Депо засыпало, и сон его был тяжек и насыщен, как сон уставшего за день зверя. В сизом мареве, висевшем под закопченными сводами, медленно плавали крупинки угольной пыли, капли сконденсировавшегося пара, мельчайшие чешуйки окалины. Аварийные фонари, желтые, выцветшие, пробивали эту взвесь не лучами, а какими-то густыми сиропообразными сгустками света, которые лениво растекались по могучим бокам застывших паровозов, придавая их формам сходство с доисторическими насекомыми, заснувшими в каменноугольных пещерах. Воздух был густ и ядрен, он состоял из испарений мазута, раскаленного металла, дегтя и древесной смолы от шпал, с едва уловимой, но неистребимой нотой человеческого пота — потом здесь работали, не щадя сил.
Андрей Игнатьевич, старший машинист-инструктор, чье тело за долгие годы срослось с ритмом депо, а душа — с его тайной жизнью, шел по главному цеху. Его потертые, пропитанные солидолом сапоги отдавались глухими, вязкими ударами о бетон, на века пропитавшийся маслом и соляркой. Он не смотрел под ноги, он шел, ведомый внутренним чутьем, ощущая подошвами каждую трещинку, каждый выщербленный край плиты. Он был здесь не хозяином, но жрецом. Его легкие втягивали эту едкую смесь как животворный кислород, его уши отфильтровывали из общего гула важные звуки — шипение пара, скрежет металла, сдавленное посвистывание подпорченного клапана. Его ладони, даже в рукавицах, чувствовали сокровенную вибрацию, идущую от самых фундаментов, от спящих машин.
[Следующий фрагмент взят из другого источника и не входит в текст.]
lemma indep_vars_demand:
  assumes "\<forall>t\<in>{1..T}. sig t > 0" and "1 \<le> T"
  shows "prob_space.indep_vars (demand_space T mu sig) (\<lambda>_. borel) (\<lambda>k X. X k) {1..T}"
proof -
  interpret prob_space "demand_space T mu sig" using prob_space_demand_space[OF assms(1)] .
  have "indep_vars (\<lambda>t. density lborel (normal_density (mu t) (sig t))) (\<lambda>k X. X k) {1..T}"
    unfolding demand_space_def using assms
    by (intro indep_vars_PiM_components) (auto intro: prob_space_normal_density)
  then show ?thesis by (subst indep_vars_cong_sets) auto
qed

definition cum_sum :: "(nat \<Rightarrow> real) \<Rightarrow> nat \<Rightarrow> real" where
  "cum_sum f j = (\<Sum>k=1..j. f k)"

definition cum_sd :: "(nat \<Rightarrow> real) \<Rightarrow> nat \<Rightarrow> real" where
  "cum_sd sig j = sqrt (\<Sum>k=1..j. (sig k)\<^sup>2)"

lemma distributed_demand_cum_sum:
  assumes pos: "\<forall>t\<in>{1..T}. sig t > 0" and j: "j \<in> {1..T}"
  shows "distributed (demand_space T mu sig) lborel (\<lambda>X. cum_sum X j)
    (normal_density (cum_sum mu j) (cum_sd sig j))"
proof -
  interpret prob_space "demand_space T mu sig" using prob_space_demand_space[OF pos] .
  have "indep_vars (\<lambda>_. borel) (\<lambda>k X. X k) {1..j}"
    using indep_vars_subset[OF indep_vars_demand[OF pos]] j by auto
  then show ?thesis
    unfolding cum_sum_def cum_sd_def using pos j
    by (intro sum_indep_normal distributed_demand) auto
qed

lemma integral_demand:
  assumes pos: "\<forall>t\<in>{1..T}. sig t > 0" and j: "j \<in> {1..T}"
  shows "(\<integral>X. X j \<partial>demand_space T mu sig) = mu j"
proof -
  interpret prob_space "demand_space T mu sig" using prob_space_demand_space[OF pos] .
  show ?thesis
    using normal_distributed_expectation[OF _ distributed_demand[OF pos j]] pos j by simp
qed

lemma integral_demand_inv_level:
  assumes pos: "\<forall>t\<in>{1..T}. sig t > 0" and j: "j \<in> {1..T}" and g: "g \<in> borel_measurable borel"
  shows "(\<integral>X. g (inv_level q j X) \<partial>demand_space T mu sig)
    = normal_expectation g (cum_sum q j - cum_sum mu j) (cum_sd sig j)"
proof -
  have "0 < cum_sd sig j"
    unfolding cum_sd_def using pos j by (intro real_sqrt_gt_zero sum_pos) force+
  have "inv_level q j X = cum_sum q j - cum_sum X j" for X
    by (simp add: inv_level_def cum_sum_def sum_subtractf)
  then have "(\<integral>X. g (inv_level q j X) \<partial>demand_space T mu sig)
      = (\<integral>y. normal_density (cum_sum mu j) (cum_sd sig j) y * g (cum_sum q j - y) \<partial>lborel)"
    using distributed_integral[OF distributed_demand_cum_sum[OF pos j], of "\<lambda>y. g (cum_sum q j - y)"] g
    by simp
  also have "\<dots> = normal_expectation (\<lambda>y. g (cum_sum q j - y)) (cum_sum mu j) (cum_sd sig j)"
    using \<open>0 < cum_sd sig j\<close> by (rule integral_normal_density_eq_normal_expectation)
  also have "\<dots> = normal_expectation g (cum_sum q j - cum_sum mu j) (- cum_sd sig j)"
    unfolding normal_expectation_def by (rule Bochner_Integration.integral_cong) (simp_all add: algebra_simps)
  finally show ?thesis by (simp add: normal_expectation_uminus_scale)
qed

lemma exp_cost_eq:
  assumes pos: "\<forall>t\<in>{1..T}. sig t > 0" and "1 \<le> T"
  shows "exp_cost T h b p w mu sig q =
    p * normal_expectation neg_part (cum_sum q T - cum_sum mu T) (cum_sd sig T)
    + (\<Sum>t=1..T. h * normal_expectation pos_part (cum_sum q t - cum_sum mu t) (cum_sd sig t)
               + b * normal_expectation neg_part (cum_sum q t - cum_sum mu t) (cum_sd sig t))
    + (\<Sum>t=1..T. w t * q t) + (- p) * cum_sum mu T"
proof -
  have "pos_part \<in> borel_measurable borel" unfolding pos_part_def by measurable
  moreover have "neg_part \<in> borel_measurable borel" unfolding neg_part_def by measurable
  moreover have "(\<Sum>t=1..T. p * (\<integral>X. X t \<partial>demand_space T mu sig)) = p * cum_sum mu T"
    using pos by (simp add: integral_demand cum_sum_def sum_distrib_left)
  ultimately show ?thesis
    unfolding exp_cost_def Let_def using assms
    by (simp add: integral_demand_inv_level sum.distrib sum_subtractf)
qed

lemma convex_on_pos_part: "convex_on UNIV pos_part"
  unfolding pos_part_def by (intro convex_on_max) (simp_all add: convex_on_ident convex_on_const)

lemma convex_on_neg_part: "convex_on UNIV neg_part"
  unfolding neg_part_def
  by (intro convex_on_max convex_on_const[THEN iffD2])
    (simp_all add: convex_on_iff_concave concave_on_ident)

lemma cum_sum_fun_upd: "cum_sum (f(t := m)) j = cum_sum f j + (if t \<in> {1..j} then m - f t else 0)"
  unfolding cum_sum_def by (rule sum_fun_upd) simp

lemma convex_on_cum_sum_fun_upd: "convex_on UNIV (\<lambda>m. c * cum_sum (f(t := m)) j)"
  by (rule convex_onI) (auto simp: cum_sum_fun_upd algebra_simps)

lemma convex_on_normal_expectation_cum_sum_fun_upd:
  assumes "convex_on UNIV g" and "\<And>x. \<bar>g x\<bar> \<le> c * (1 + \<bar>x\<bar>)"
  shows "convex_on UNIV (\<lambda>m. normal_expectation g (x - cum_sum (f(t := m)) j) s)"
proof -
  have affine: "x - cum_sum (f(t := m)) j
      = (x - cum_sum f j + (if t \<in> {1..j} then f t else 0)) + (if t \<in> {1..j} then -1 else 0) * m" for m
    by (simp add: cum_sum_fun_upd)
  show ?thesis
    unfolding affine by (rule convex_on_normal_expectation_mean[OF assms])
qed

lemma cum_sd_nonneg: "0 \<le> cum_sd sig j"
  unfolding cum_sd_def by (simp add: sum_nonneg)

lemma cum_sd_fun_upd_mono:
  assumes "0 \<le> x" and "x \<le> y"
  shows "cum_sd (sig(t := x)) j \<le> cum_sd (sig(t := y)) j"
  unfolding cum_sd_def using assms by (intro real_sqrt_le_mono sum_mono) (auto intro: power_mono)

lemma normal_expectation_cum_sd_fun_upd_mono:
  assumes "convex_on UNIV g" and "\<And>x. \<bar>g x\<bar> \<le> c * (1 + \<bar>x\<bar>)" and "0 \<le> x" and "x \<le> y"
  shows "normal_expectation g a (cum_sd (sig(t := x)) j) \<le> normal_expectation g a (cum_sd (sig(t := y)) j)"
  by (rule mono_onD[OF mono_on_normal_expectation_scale[OF assms(1,2)]])
    (simp_all add: cum_sd_nonneg cum_sd_fun_upd_mono[OF assms(3,4)])

theorem theorem4p3:
  fixes T :: nat and h b p :: real and w q mu sig :: "nat \<Rightarrow> real"
  assumes "h \<ge> 0" and "b \<ge> 0" and "p \<ge> 0"
    and "\<forall>t\<in>{1..T}. w t \<ge> 0"
    and "\<forall>t\<in>{1..T}. sig t > 0"
  shows "(\<forall>t\<in>{1..T}. convex_on UNIV (\<lambda>m. exp_cost T h b p w (mu(t := m)) sig q))
       \<and> (\<forall>t\<in>{1..T}. mono_on {0<..} (\<lambda>s. exp_cost T h b p w mu (sig(t := s)) q))"
proof (intro conjI ballI)
  \<comment> \<open>The ordering costs enter linearly.\<close>
  fix t assume "t \<in> {1..T}"
  then have T: "1 \<le> T" by simp
  note pos = assms(5)
  have growth: "\<bar>pos_part x\<bar> \<le> 1 * (1 + \<bar>x\<bar>)" "\<bar>neg_part x\<bar> \<le> 1 * (1 + \<bar>x\<bar>)" for x
    by (auto simp: pos_part_def neg_part_def)
  note convex_pos = convex_on_normal_expectation_cum_sum_fun_upd[OF convex_on_pos_part growth(1)]
    and convex_neg = convex_on_normal_expectation_cum_sum_fun_upd[OF convex_on_neg_part growth(2)]
  show "convex_on UNIV (\<lambda>m. exp_cost T h b p w (mu(t := m)) sig q)"
    unfolding exp_cost_eq[OF pos T] using assms(1-3)
    by (intro convex_on_add convex_on_cmul convex_on_sum_fun convex_on_cum_sum_fun_upd
        convex_pos convex_neg convex_on_const[THEN iffD2]) auto
  note mono_pos = normal_expectation_cum_sd_fun_upd_mono[OF convex_on_pos_part growth(1)]
    and mono_neg = normal_expectation_cum_sd_fun_upd_mono[OF convex_on_neg_part growth(2)]
  show "mono_on {0<..} (\<lambda>s. exp_cost T h b p w mu (sig(t := s)) q)"
  proof (rule mono_onI)
    fix x y :: real assume x: "x \<in> {0<..}" and y: "y \<in> {0<..}" and "x \<le> y"
    have pos_upd: "\<forall>k\<in>{1..T}. (sig(t := s)) k > 0" if "s \<in> {0<..}" for s
      using pos that by auto
    show "exp_cost T h b p w mu (sig(t := x)) q \<le> exp_cost T h b p w mu (sig(t := y)) q"
      unfolding exp_cost_eq[OF pos_upd[OF x] T] exp_cost_eq[OF pos_upd[OF y] T]
      using assms(1-3) x \<open>x \<le> y\<close>
      by (intro add_mono mult_left_mono sum_mono order_refl mono_pos mono_neg) auto
  qed
qed
definition enumerates_limits :: "('o::wellorder \<Rightarrow> nat \<Rightarrow> 'o) \<Rightarrow> 'o \<Rightarrow> bool" where
  "enumerates_limits \<pi> \<beta> \<longleftrightarrow> (\<forall>\<beta>'. \<beta>' \<le> \<beta> \<longrightarrow> ord_limit \<beta>' \<longrightarrow> bij_betw (\<pi> \<beta>') UNIV {\<gamma>. \<gamma> < \<beta>'})"

lemma enumerates_limits_mono: "enumerates_limits \<pi> \<beta> \<Longrightarrow> \<gamma> \<le> \<beta> \<Longrightarrow> enumerates_limits \<pi> \<gamma>"
  unfolding enumerates_limits_def by (meson order_trans)

lemma enumerates_limits_range:
  "enumerates_limits \<pi> \<beta> \<Longrightarrow> ord_limit \<beta> \<Longrightarrow> range (\<pi> \<beta>) = {\<gamma>. \<gamma> < \<beta>}"
  unfolding enumerates_limits_def bij_betw_def by blast

lemma enumerates_limits_less: "enumerates_limits \<pi> \<beta> \<Longrightarrow> ord_limit \<beta> \<Longrightarrow> \<pi> \<beta> n < \<beta>"
  using enumerates_limits_range by blast

lemma T_tree_zero: "ord_zero \<beta> \<Longrightarrow> T_tree \<pi> \<beta> = {[]}"
  by (subst T_tree_unfold) (auto simp: ord_limit_def)

lemma T_tree_succ: "ord_succ \<beta> \<Longrightarrow> T_tree \<pi> \<beta> = graft (\<lambda>_. T_tree \<pi> (ord_pred \<beta>))"
  by (subst T_tree_unfold) (auto simp: ord_limit_def ord_succ_not_zero)

lemma T_tree_limit:
  "enumerates_limits \<pi> \<beta> \<Longrightarrow> ord_limit \<beta> \<Longrightarrow> T_tree \<pi> \<beta> = graft (\<lambda>n. T_tree \<pi> (\<pi> \<beta> n))"
  by (subst T_tree_unfold) (auto simp: ord_limit_def enumerates_limits_less)

lemma Nil_in_T_tree: "enumerates_limits \<pi> \<beta> \<Longrightarrow> [] \<in> T_tree \<pi> \<beta>"
  by (cases "ord_zero \<beta>"; cases "ord_succ \<beta>")
    (auto simp: T_tree_zero T_tree_succ T_tree_limit ord_limit_def graft_def)

section \<open>Prefix-closed trees and the derivative \<open>D\<^sub>i\<^sub>i\<^sub>e\<close>\<close>

definition prefix_closed :: "'a list set \<Rightarrow> bool" where
  "prefix_closed S \<longleftrightarrow> (\<forall>t\<in>S. \<forall>s. prefix s t \<longrightarrow> s \<in> S)"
Он приблизился к паровозу серии «Л» № Л-3589, которого в депо звали «Левиафан». Но для Андрея Игнатьевича это имя было слишком грубым, слишком внешним. В его внутренней классификации, сросшейся с энтомологическими атласами, это был Lepidoptera Imperator, императорская особь, стоящая на пороге великого превращения.
Он прикоснулся рукой в грубой сыромятной рукавице к борту котла. Сталь была теплой, почти живой, она отдавала накопленное за день тепло не как мертвый металл, а как дышащая плоть. И под этой упругой, твердой кожей он ощущал — нет, не слышал, а именно ощущал кончиками пальцев — тихую, ритмичную пульсацию. Словно под стальной обшивкой билось огромное, неторопливое сердце. Или шевелились, готовые к перерождению, личинки иной, звездной жизни.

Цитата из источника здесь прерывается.